Assim, só podemos entender a permanência das bandas “Mangue” no mercado fonográfico se pensarmos na existência dessa espécie de tripé, apoiado (1) na movimentação cultural de Recife – criação de festivais, uma casa para temporadas de shows e o apoio da imprensa local –, (2) na possibilidade de se enquadrar no rótulo world music e fazer excursões internacionais, e (3) na mudança para São Paulo e conseqüente legitimação no mercado nacional. No caso do grupo Chico Science e Nação Zumbi, a gravação da canção “Maracatu Atômico” sintetiza bem esse tripé, porque porta um dado local forte – o maracatu – que possibilita o trânsito no espaço da world music ao mesmo tempo em que permite a legitimação no mercado nacional.
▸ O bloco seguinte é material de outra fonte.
text \<open>Saturation (I : m^\<infinity>) with respect to the irrelevant ideal m = (x_0,...,x_n).\<close>
definition saturation :: "nat \<Rightarrow> mpoly set \<Rightarrow> mpoly set" where
  "saturation n I = {p \<in> polyring n. \<exists>k. \<forall>m. mdeg m = k \<and> (\<forall>i\<in>Poly_Mapping.keys m. i \<le> n)
      \<longrightarrow> Poly_Mapping.single m 1 * p \<in> I}"

text \<open>Closed subschemes of P^n are represented by their (saturated homogeneous) ideals I(Z).\<close>
definition subscheme_ideal :: "nat \<Rightarrow> mpoly set \<Rightarrow> bool" where
  "subscheme_ideal n I \<longleftrightarrow> homogeneous_ideal n I \<and> saturation n I = I"

definition linear_form :: "nat \<Rightarrow> mpoly \<Rightarrow> bool" where
  "linear_form n l \<longleftrightarrow> l \<in> polyring n \<and> homog 1 l"

text \<open>Ideal of Span(Z): generated by the linear forms vanishing on Z.\<close>
definition span_ideal :: "nat \<Rightarrow> mpoly set \<Rightarrow> mpoly set" where
  "span_ideal n I = ideal_gen n {l \<in> I. linear_form n l}"

text \<open>Ideal of the scheme-theoretic intersection of the schemes with ideals I, J.\<close>
definition inter_ideal :: "nat \<Rightarrow> mpoly set \<Rightarrow> mpoly set \<Rightarrow> mpoly set" where
  "inter_ideal n I J = saturation n (ideal_gen n (I \<union> J))"

text \<open>The class of F in R[Z] = R[x]/I is a sum of at most r squares of linear forms of R[Z].\<close>
definition sos_lin_mod :: "nat \<Rightarrow> mpoly set \<Rightarrow> nat \<Rightarrow> mpoly \<Rightarrow> bool" where
  "sos_lin_mod n I r F \<longleftrightarrow> (\<exists>ls. length ls \<le> r \<and> (\<forall>l\<in>set ls. linear_form n l) \<and>
      F - (\<Sum>l\<leftarrow>ls. l * l) \<in> I)"

end

theory Submission
  imports Defs
begin

text \<open>Write \<open>f = \<Sum>l\<^sub>i\<^sup>2\<close> modulo \<open>I(X)\<close> and \<open>f = \<Sum>m\<^sub>i\<^sup>2\<close> modulo \<open>I(Y)\<close>. The difference
  \<open>\<Sum>l\<^sub>i\<^sup>2 - \<Sum>m\<^sub>i\<^sup>2\<close> lies in \<open>I(X) + I(Y)\<close>, hence by hypothesis in the saturation of the ideal of
  \<open>Span(X) \<inter> Span(Y)\<close>, so the two quadratic forms agree on the real points of this linear space.
  Finitely many of these points detect the linear forms vanishing on it, and a composition of
  Householder reflections, one per point, turns \<open>(m\<^sub>i)\<close> into linear forms \<open>(v\<^sub>i)\<close> with
  \<open>\<Sum>v\<^sub>i\<^sup>2 = \<Sum>m\<^sub>i\<^sup>2\<close> and \<open>v\<^sub>i = l\<^sub>i\<close> on \<open>Span(X) \<inter> Span(Y)\<close>. Hence \<open>l\<^sub>i - v\<^sub>i = a\<^sub>i + b\<^sub>i\<close> with
  linear \<open>a\<^sub>i \<in> I(X)\<close>, \<open>b\<^sub>i \<in> I(Y)\<close>, and \<open>k\<^sub>i = l\<^sub>i - a\<^sub>i = v\<^sub>i + b\<^sub>i\<close> satisfies \<open>f = \<Sum>k\<^sub>i\<^sup>2\<close> modulo both
  ideals.\<close>

section \<open>Evaluation at real points\<close>

definition mconst :: "real \<Rightarrow> mpoly" where
  "mconst c = Poly_Mapping.single 0 c"

definition mvar :: "nat \<Rightarrow> mpoly" where
  "mvar i = Poly_Mapping.single (Poly_Mapping.single i 1) 1"

definition monom_eval :: "(nat \<Rightarrow> real) \<Rightarrow> (nat \<Rightarrow>\<^sub>0 nat) \<Rightarrow> real" where
  "monom_eval x m = (\<Prod>i\<in>Poly_Mapping.keys m. x i ^ Poly_Mapping.lookup m i)"

definition peval :: "(nat \<Rightarrow> real) \<Rightarrow> mpoly \<Rightarrow> real" where
  "peval x p = (\<Sum>m\<in>Poly_Mapping.keys p. Poly_Mapping.lookup p m * monom_eval x m)"

lemma monom_eval_superset:
  "finite S \<Longrightarrow> Poly_Mapping.keys m \<subseteq> S \<Longrightarrow>
     monom_eval x m = (\<Prod>i\<in>S. x i ^ Poly_Mapping.lookup m i)"
  unfolding monom_eval_def by (rule prod.mono_neutral_left) (auto simp: in_keys_iff)

lemma monom_eval_add: "monom_eval x (a + b) = monom_eval x a * monom_eval x b"
proof -
  let ?S = "Poly_Mapping.keys a \<union> Poly_Mapping.keys b"
  have "monom_eval x (a + b) = (\<Prod>i\<in>?S. x i ^ Poly_Mapping.lookup (a + b) i)"
    using keys_add[of a b] by (intro monom_eval_superset) auto
  also have "\<dots> = (\<Prod>i\<in>?S. x i ^ Poly_Mapping.lookup a i) * (\<Prod>i\<in>?S. x i ^ Poly_Mapping.lookup b i)"
    by (simp add: lookup_add power_add prod.distrib)
  also have "\<dots> = monom_eval x a * monom_eval x b"
    by (subst (1 2) monom_eval_superset[of ?S]) auto
  finally show ?thesis .
qed

lemma monom_eval_zero [simp]: "monom_eval x 0 = 1"
  by (simp add: monom_eval_def)

lemma monom_eval_single [simp]: "monom_eval x (Poly_Mapping.single i k) = x i ^ k"
  by (simp add: monom_eval_def)

lemma peval_superset:
  "finite S \<Longrightarrow> Poly_Mapping.keys p \<subseteq> S \<Longrightarrow>
     peval x p = (\<Sum>m\<in>S. Poly_Mapping.lookup p m * monom_eval x m)"
  unfolding peval_def by (rule sum.mono_neutral_left) (auto simp: in_keys_iff)

lemma peval_add: "peval x (p + q) = peval x p + peval x q"
proof -
  let ?S = "Poly_Mapping.keys p \<union> Poly_Mapping.keys q"
  have "peval x (p + q) = (\<Sum>m\<in>?S. Poly_Mapping.lookup (p + q) m * monom_eval x m)"
    using keys_add[of p q] by (intro peval_superset) auto
  also have "\<dots> = (\<Sum>m\<in>?S. Poly_Mapping.lookup p m * monom_eval x m)
                 + (\<Sum>m\<in>?S. Poly_Mapping.lookup q m * monom_eval x m)"
    by (simp add: lookup_add distrib_right sum.distrib)
  also have "\<dots> = peval x p + peval x q"
    by (subst (1 2) peval_superset[of ?S]) auto
  finally show ?thesis .
qed

lemma peval_zero [simp]: "peval x 0 = 0"
  by (simp add: peval_def)

lemma peval_diff: "peval x (p - q) = peval x p - peval x q"
  using peval_add[of x "p - q" q] by simp

lemma peval_sum: "peval x (sum f A) = (\<Sum>a\<in>A. peval x (f a))"
  by (induction A rule: infinite_finite_induct) (auto simp: peval_add)

lemma peval_single [simp]: "peval x (Poly_Mapping.single m c) = c * monom_eval x m"
  by (simp add: peval_def)

lemma sum_singles_lookup: "(\<Sum>m\<in>Poly_Mapping.keys p. Poly_Mapping.single m (Poly_Mapping.lookup p m)) = p"
  by (rule poly_mapping_eqI) (simp add: lookup_sum lookup_single when_def in_keys_iff)

lemma peval_mult: "peval x (p * q) = peval x p * peval x q"
proof -
  have "p * q = (\<Sum>a\<in>Poly_Mapping.keys p. \<Sum>b\<in>Poly_Mapping.keys q.
        Poly_Mapping.single a (Poly_Mapping.lookup p a) * Poly_Mapping.single b (Poly_Mapping.lookup q b))"
    by (simp add: sum_singles_lookup flip: sum_distrib_left sum_distrib_right)
  then have "peval x (p * q) = (\<Sum>a\<in>Poly_Mapping.keys p. \<Sum>b\<in>Poly_Mapping.keys q.
        (Poly_Mapping.lookup p a * monom_eval x a) * (Poly_Mapping.lookup q b * monom_eval x b))"
    by (simp add: peval_sum mult_single monom_eval_add mult_ac)
  also have "\<dots> = peval x p * peval x q"
    by (simp add: peval_def sum_product)
  finally show ?thesis .
qed

lemma peval_mconst [simp]: "peval x (mconst c) = c"
  by (simp add: mconst_def)

lemma peval_mvar [simp]: "peval x (mvar i) = x i"
  by (simp add: mvar_def)

lemma mconst_mult: "mconst (a * b) = mconst a * mconst b"
  by (simp add: mconst_def mult_single)

lemma mconst_add: "mconst (a + b) = mconst a + mconst b"
  by (simp add: mconst_def single_add)

lemma mconst_sum: "mconst (sum f A) = (\<Sum>a\<in>A. mconst (f a))"
  by (induction A rule: infinite_finite_induct) (simp_all add: mconst_def single_add)

lemma mconst_one [simp]: "mconst 1 = 1"
  by (simp add: mconst_def)

lemma mconst_numeral [simp]: "mconst (numeral k) = numeral k"
  by (simp add: mconst_def)

lemma lookup_mconst_mult: "Poly_Mapping.lookup (mconst c * p) m = c * Poly_Mapping.lookup p m"
  unfolding mconst_def mult_map_scale_conv_mult[symmetric]
  by (simp add: Poly_Mapping.map.rep_eq when_def)

section \<open>Linear forms\<close>

lemma mdeg_single [simp]: "mdeg (Poly_Mapping.single i k) = k"
  by (simp add: mdeg_def)

lemma mdeg_eq_0_iff [simp]: "mdeg m = 0 \<longleftrightarrow> m = 0"
  by (auto simp: mdeg_def in_keys_iff intro!: poly_mapping_eqI)

lemma mdeg_eq_1_imp_single:
  assumes "mdeg m = 1"
  obtains i where "m = Poly_Mapping.single i 1"
proof -
  obtain i where i: "i \<in> Poly_Mapping.keys m"
    using assms by (force simp: mdeg_def)
  have "mdeg m = Poly_Mapping.lookup m i + (\<Sum>j\<in>Poly_Mapping.keys m - {i}. Poly_Mapping.lookup m j)"
    unfolding mdeg_def using i by (simp add: sum.remove)
  moreover have "Poly_Mapping.lookup m i \<noteq> 0"
    using i by (simp add: in_keys_iff)
  ultimately have "Poly_Mapping.lookup m i = 1"
    and "(\<Sum>j\<in>Poly_Mapping.keys m - {i}. Poly_Mapping.lookup m j) = 0"
    using assms by linarith+
  then have "Poly_Mapping.lookup m j = (1 when i = j)" for j
    by (cases "j = i") (auto simp: when_def in_keys_iff)
  then have "m = Poly_Mapping.single i 1"
    by (intro poly_mapping_eqI) (simp add: lookup_single)
  then show thesis ..
qed

lemma single_Suc_0_eq_iff [simp]: "Poly_Mapping.single i (Suc 0) = Poly_Mapping.single j (Suc 0) \<longleftrightarrow> i = j"
  by (metis lookup_single_eq lookup_single_not_eq One_nat_def zero_neq_one)

lemma linear_form_iff_keys:
  "linear_form n l \<longleftrightarrow> Poly_Mapping.keys l \<subseteq> (\<lambda>i. Poly_Mapping.single i 1) ` {..n}"
proof
  assume l: "linear_form n l"
  show "Poly_Mapping.keys l \<subseteq> (\<lambda>i. Poly_Mapping.single i 1) ` {..n}"
  proof
    fix m assume m: "m \<in> Poly_Mapping.keys l"
    with l have "mdeg m = 1"
      unfolding linear_form_def homog_def by blast
    then obtain i where i: "m = Poly_Mapping.single i 1"
      by (rule mdeg_eq_1_imp_single)
    with l m have "i \<le> n"
      unfolding linear_form_def polyring_def by simp
    with i show "m \<in> (\<lambda>i. Poly_Mapping.single i 1) ` {..n}" by blast
  qed
qed (auto simp: linear_form_def polyring_def homog_def)

lemma linear_form_add: "linear_form n p \<Longrightarrow> linear_form n q \<Longrightarrow> linear_form n (p + q)"
  unfolding linear_form_iff_keys using keys_add[of p q] by blast

lemma linear_form_diff: "linear_form n p \<Longrightarrow> linear_form n q \<Longrightarrow> linear_form n (p - q)"
  unfolding linear_form_iff_keys using keys_diff[of p q] by blast

lemma linear_form_scale: "linear_form n p \<Longrightarrow> linear_form n (mconst c * p)"
  unfolding linear_form_iff_keys by (auto simp: in_keys_iff lookup_mconst_mult)

lemma linear_form_zero [simp]: "linear_form n 0"
  unfolding linear_form_iff_keys by simp

lemma linear_form_sum: "(\<And>a. a \<in> A \<Longrightarrow> linear_form n (f a)) \<Longrightarrow> linear_form n (sum f A)"
  by (induction A rule: infinite_finite_induct) (auto intro: linear_form_add)

lemma linear_form_imp_polyring: "linear_form n p \<Longrightarrow> p \<in> polyring n"
  unfolding linear_form_def by simp

lemma linear_form_eq_sum_mvar:
  assumes "linear_form n l"
  shows "l = (\<Sum>i\<le>n. mconst (Poly_Mapping.lookup l (Poly_Mapping.single i 1)) * mvar i)"
proof (rule poly_mapping_eqI)
  fix m
  have keys: "Poly_Mapping.keys l \<subseteq> (\<lambda>i. Poly_Mapping.single i 1) ` {..n}"
    using assms linear_form_iff_keys by blast
  have "Poly_Mapping.lookup (\<Sum>i\<le>n. mconst (Poly_Mapping.lookup l (Poly_Mapping.single i 1)) * mvar i) m
      = (\<Sum>i\<le>n. if m = Poly_Mapping.single i 1 then Poly_Mapping.lookup l m else 0)"
    by (auto simp: mconst_def mvar_def mult_single lookup_sum lookup_single when_def intro!: sum.cong)
  also have "\<dots> = Poly_Mapping.lookup l m"
  proof (cases "\<exists>j\<le>n. m = Poly_Mapping.single j 1")
    case True
    then obtain j where j: "j \<le> n" and m: "m = Poly_Mapping.single j 1" by blast
    then have "{..n} \<inter> {i. m = Poly_Mapping.single i 1} = {j}"
      by (auto simp: m)
    then show ?thesis
      by (simp add: sum.If_cases m j)
  next
    case False
    then show ?thesis
      using keys by (auto simp: in_keys_iff)
  qed
  finally show "Poly_Mapping.lookup l m = Poly_Mapping.lookup (\<Sum>i\<le>n. mconst (Poly_Mapping.lookup l (Poly_Mapping.single i 1)) * mvar i) m" ..
qed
Referências bibliográficas

DIAS, Marica R. Tosta. Os donos da voz. SP: Boitempo, 2000.

FRITH, Simon. World Music, politics and social change. Papers from the International Association for the Study of Popular Music. Manchester/NewYork: Manchester University Press, 1989.

ROBINSON, Buck & Cuthbert. Music at the margins. Popular Musica and Global Cultural Diversity (Communication and human values). California: Sage, 1991.